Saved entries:
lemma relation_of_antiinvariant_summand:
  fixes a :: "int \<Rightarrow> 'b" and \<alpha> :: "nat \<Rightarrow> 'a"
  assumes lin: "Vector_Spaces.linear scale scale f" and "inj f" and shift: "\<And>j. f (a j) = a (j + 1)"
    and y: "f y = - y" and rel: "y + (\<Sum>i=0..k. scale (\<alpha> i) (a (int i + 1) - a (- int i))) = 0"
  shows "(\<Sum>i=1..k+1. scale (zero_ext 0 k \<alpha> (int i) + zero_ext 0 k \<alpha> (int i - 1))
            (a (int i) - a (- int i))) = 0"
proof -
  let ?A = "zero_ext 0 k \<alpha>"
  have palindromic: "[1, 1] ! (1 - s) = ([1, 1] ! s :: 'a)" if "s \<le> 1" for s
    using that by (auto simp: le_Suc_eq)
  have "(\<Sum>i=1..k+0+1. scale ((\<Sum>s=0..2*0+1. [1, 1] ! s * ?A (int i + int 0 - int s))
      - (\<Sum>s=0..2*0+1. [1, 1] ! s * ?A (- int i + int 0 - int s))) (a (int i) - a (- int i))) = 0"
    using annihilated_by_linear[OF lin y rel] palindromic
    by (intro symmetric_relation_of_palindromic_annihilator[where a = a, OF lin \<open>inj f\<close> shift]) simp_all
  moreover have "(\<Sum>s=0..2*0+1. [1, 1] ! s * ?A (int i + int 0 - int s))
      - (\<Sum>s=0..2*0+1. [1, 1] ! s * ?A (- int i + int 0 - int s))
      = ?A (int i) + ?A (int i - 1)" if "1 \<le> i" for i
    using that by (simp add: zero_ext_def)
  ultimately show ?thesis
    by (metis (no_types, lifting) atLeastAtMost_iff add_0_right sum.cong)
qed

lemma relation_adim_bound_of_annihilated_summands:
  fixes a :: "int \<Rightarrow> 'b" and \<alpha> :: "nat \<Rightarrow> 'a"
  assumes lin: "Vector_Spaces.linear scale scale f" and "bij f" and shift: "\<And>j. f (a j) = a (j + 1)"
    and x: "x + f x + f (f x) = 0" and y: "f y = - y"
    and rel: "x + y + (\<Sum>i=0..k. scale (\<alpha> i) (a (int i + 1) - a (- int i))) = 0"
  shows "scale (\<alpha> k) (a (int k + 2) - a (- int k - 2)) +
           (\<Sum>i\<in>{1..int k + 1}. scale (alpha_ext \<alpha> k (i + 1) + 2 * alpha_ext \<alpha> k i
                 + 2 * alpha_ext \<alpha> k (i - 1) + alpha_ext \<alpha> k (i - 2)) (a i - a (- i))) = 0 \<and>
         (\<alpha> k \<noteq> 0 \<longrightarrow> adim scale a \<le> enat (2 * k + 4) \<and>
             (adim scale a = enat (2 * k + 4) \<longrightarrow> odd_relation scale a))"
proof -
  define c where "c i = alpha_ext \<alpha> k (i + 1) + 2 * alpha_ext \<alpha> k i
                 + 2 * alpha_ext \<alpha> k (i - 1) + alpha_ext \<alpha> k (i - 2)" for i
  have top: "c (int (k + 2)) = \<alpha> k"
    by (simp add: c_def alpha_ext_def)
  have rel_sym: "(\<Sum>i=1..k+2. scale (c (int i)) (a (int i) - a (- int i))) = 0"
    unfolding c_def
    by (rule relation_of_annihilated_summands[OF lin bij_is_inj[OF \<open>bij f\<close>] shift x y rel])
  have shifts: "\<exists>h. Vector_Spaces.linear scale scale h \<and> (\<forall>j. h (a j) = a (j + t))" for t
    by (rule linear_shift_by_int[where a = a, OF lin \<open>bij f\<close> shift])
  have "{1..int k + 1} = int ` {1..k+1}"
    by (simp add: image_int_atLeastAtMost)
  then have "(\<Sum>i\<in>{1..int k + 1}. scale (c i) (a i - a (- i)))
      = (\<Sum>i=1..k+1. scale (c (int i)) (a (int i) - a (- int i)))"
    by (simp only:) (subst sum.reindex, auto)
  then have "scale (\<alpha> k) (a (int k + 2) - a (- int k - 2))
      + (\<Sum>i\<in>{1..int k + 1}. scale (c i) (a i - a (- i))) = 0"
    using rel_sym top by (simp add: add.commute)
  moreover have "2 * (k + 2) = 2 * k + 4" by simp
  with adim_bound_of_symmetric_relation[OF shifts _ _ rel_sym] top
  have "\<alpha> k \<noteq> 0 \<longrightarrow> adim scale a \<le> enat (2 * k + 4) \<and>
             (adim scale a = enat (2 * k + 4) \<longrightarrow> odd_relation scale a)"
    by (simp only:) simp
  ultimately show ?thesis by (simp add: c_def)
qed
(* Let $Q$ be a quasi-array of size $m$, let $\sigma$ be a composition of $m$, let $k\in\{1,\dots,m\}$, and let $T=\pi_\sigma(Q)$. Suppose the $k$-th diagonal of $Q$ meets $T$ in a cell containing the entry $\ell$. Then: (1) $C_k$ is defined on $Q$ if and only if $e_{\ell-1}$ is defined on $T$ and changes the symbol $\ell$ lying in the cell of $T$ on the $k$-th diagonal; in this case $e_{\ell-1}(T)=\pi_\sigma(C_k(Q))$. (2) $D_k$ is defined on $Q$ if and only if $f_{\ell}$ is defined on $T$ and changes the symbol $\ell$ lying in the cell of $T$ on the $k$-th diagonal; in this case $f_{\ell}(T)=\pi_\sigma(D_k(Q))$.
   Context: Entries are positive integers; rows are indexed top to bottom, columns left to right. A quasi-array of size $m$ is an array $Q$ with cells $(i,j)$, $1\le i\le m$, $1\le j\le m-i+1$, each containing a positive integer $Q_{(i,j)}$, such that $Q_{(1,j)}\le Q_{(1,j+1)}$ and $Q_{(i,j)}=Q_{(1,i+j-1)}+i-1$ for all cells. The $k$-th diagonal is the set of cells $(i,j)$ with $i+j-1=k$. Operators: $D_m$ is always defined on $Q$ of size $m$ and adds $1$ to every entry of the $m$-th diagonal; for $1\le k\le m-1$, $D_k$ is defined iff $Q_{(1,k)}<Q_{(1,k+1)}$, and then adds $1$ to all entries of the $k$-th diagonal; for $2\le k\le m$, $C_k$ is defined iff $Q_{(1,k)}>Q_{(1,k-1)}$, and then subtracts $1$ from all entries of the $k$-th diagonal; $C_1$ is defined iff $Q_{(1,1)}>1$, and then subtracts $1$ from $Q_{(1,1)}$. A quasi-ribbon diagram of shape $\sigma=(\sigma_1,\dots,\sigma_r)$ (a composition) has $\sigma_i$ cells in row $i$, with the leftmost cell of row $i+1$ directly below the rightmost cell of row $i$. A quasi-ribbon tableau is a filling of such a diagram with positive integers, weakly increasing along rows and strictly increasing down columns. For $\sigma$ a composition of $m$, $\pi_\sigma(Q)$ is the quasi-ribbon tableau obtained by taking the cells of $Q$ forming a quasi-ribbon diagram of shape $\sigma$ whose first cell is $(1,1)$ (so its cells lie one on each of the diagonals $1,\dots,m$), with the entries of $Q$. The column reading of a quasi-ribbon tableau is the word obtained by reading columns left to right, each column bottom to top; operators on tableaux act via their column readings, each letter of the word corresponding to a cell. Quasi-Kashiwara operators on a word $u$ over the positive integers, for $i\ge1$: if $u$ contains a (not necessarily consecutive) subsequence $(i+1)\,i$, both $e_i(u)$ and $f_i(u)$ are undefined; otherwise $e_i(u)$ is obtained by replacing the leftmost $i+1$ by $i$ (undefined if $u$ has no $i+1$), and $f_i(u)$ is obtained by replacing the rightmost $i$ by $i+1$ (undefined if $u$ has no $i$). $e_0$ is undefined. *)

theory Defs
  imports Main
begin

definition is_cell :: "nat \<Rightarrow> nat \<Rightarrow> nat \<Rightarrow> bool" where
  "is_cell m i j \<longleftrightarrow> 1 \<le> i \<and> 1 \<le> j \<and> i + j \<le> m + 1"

▸ **Work to be completed**: Write down exactly the line with "nat \<Rightarrow> nat", then each line after it through the end of the data.

▸ **Expected answer**:
definition is_cell :: "nat \<Rightarrow> nat \<Rightarrow> nat \<Rightarrow> bool" where
  "is_cell m i j \<longleftrightarrow> 1 \<le> i \<and> 1 \<le> j \<and> i + j \<le> m + 1"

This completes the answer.